Almereyda, working with a surprisingly modest budget (reportedly around $2 million), uses the New York City locations to great effect. The Guggenheim Museum becomes a backdrop for courtly pronouncements, sleek apartments become sites of conspiracy. It’s a testament to creative resourcefulness, proving that atmosphere and ingenuity can achieve what massive budgets sometimes miss. The film doesn't shy away from the text's darkness, but finds contemporary parallels – poison becomes a corporate "accident," sword fights become gunplay, weaving the Bard's language into the fabric of modern anxieties.

### Lingering Questions in the Digital Static

Does it all work perfectly?

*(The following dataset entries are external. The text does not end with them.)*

lemma del_pattern_boundary_deletion_pattern: "del_pattern l d x ys"
  using len_x l_pos j_less k_le i_le length_block[OF len_x]
  by (auto simp: del_pattern_def boundary_deletion_pattern_def nth_list_update
      take_is_prefix suffix_drop)

lemma nth_boundary_deletion_pattern: "ys ! j = take (l - k) (block l x j)"
  using len_x l_pos j_less by (simp add: boundary_deletion_pattern_def)

lemma boundary_deletion_pattern_window:
  "take l (drop (block_start ys j) (concat ys))
     = take (l - k) (block l x j) @ take k (drop i (block l x (Suc j)))"
proof -
  have "concat (drop j ys) = ys ! j @ ys ! Suc j @ concat (drop (Suc (Suc j)) ys)"
    using length_boundary_deletion_pattern j_less
    by (simp add: Cons_nth_drop_Suc[symmetric])
  moreover have "ys ! Suc j = drop i (block l x (Suc j))"
    using len_x l_pos j_less by (simp add: boundary_deletion_pattern_def)
  ultimately show ?thesis
    using drop_block_start_concat[of j ys] length_boundary_deletion_pattern
      nth_boundary_deletion_pattern length_block[OF len_x] j_less k_le i_le d_less
    by simp
qed

end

Perhaps not for Shakespearean purists. The very modernity that makes it accessible might feel, to some, like it diminishes the poetry's scope. Some lines inevitably land differently when spoken into a cellphone or muttered in a fluorescent-lit office. Yet, the film's willingness to take risks, to interrogate how these timeless themes of revenge, grief, madness, and corruption manifest now (or, well, then in 2000), is precisely what makes it compelling. It forces us to ask: Has human nature truly changed, or just the scenery? What does loyalty mean in a world of NDAs and hostile takeovers?

Watching it again, it feels less like a gimmick and more like a thoughtful, melancholic time capsule – capturing not just Shakespeare's enduring power, but also the specific anxieties and technological shifts of the turn of the millennium. It was a bridge, in a way, between the analog world many of us grew up with and the digital future rushing towards us.

Rating: 7.5/10

This score reflects the film's undeniable intelligence, stylistic boldness, and strong central performances, particularly Hawke's resonant portrayal. It successfully translates the core tragedy into a compelling modern context. It loses a couple of points perhaps for moments where the contemporary setting slightly flattens the original text's poetic grandeur, and where the pacing sometimes mirrors Hamlet's own contemplative inaction a little too closely. However, its creativity and the sheer audacity of its vision make it a standout adaptation.

Final Thought: Almereyda's Hamlet remains a fascinating experiment, a ghost in the machine of Shakespearean cinema, forever asking us to look closer at the screens reflecting our own world. It’s a version that might have felt jarring on first viewing back then, but now feels like a prescient glimpse of the anxieties we'd carry into the 21st century. Worth revisiting, especially if you remember pondering life's big questions under the harsh glow of video store lights.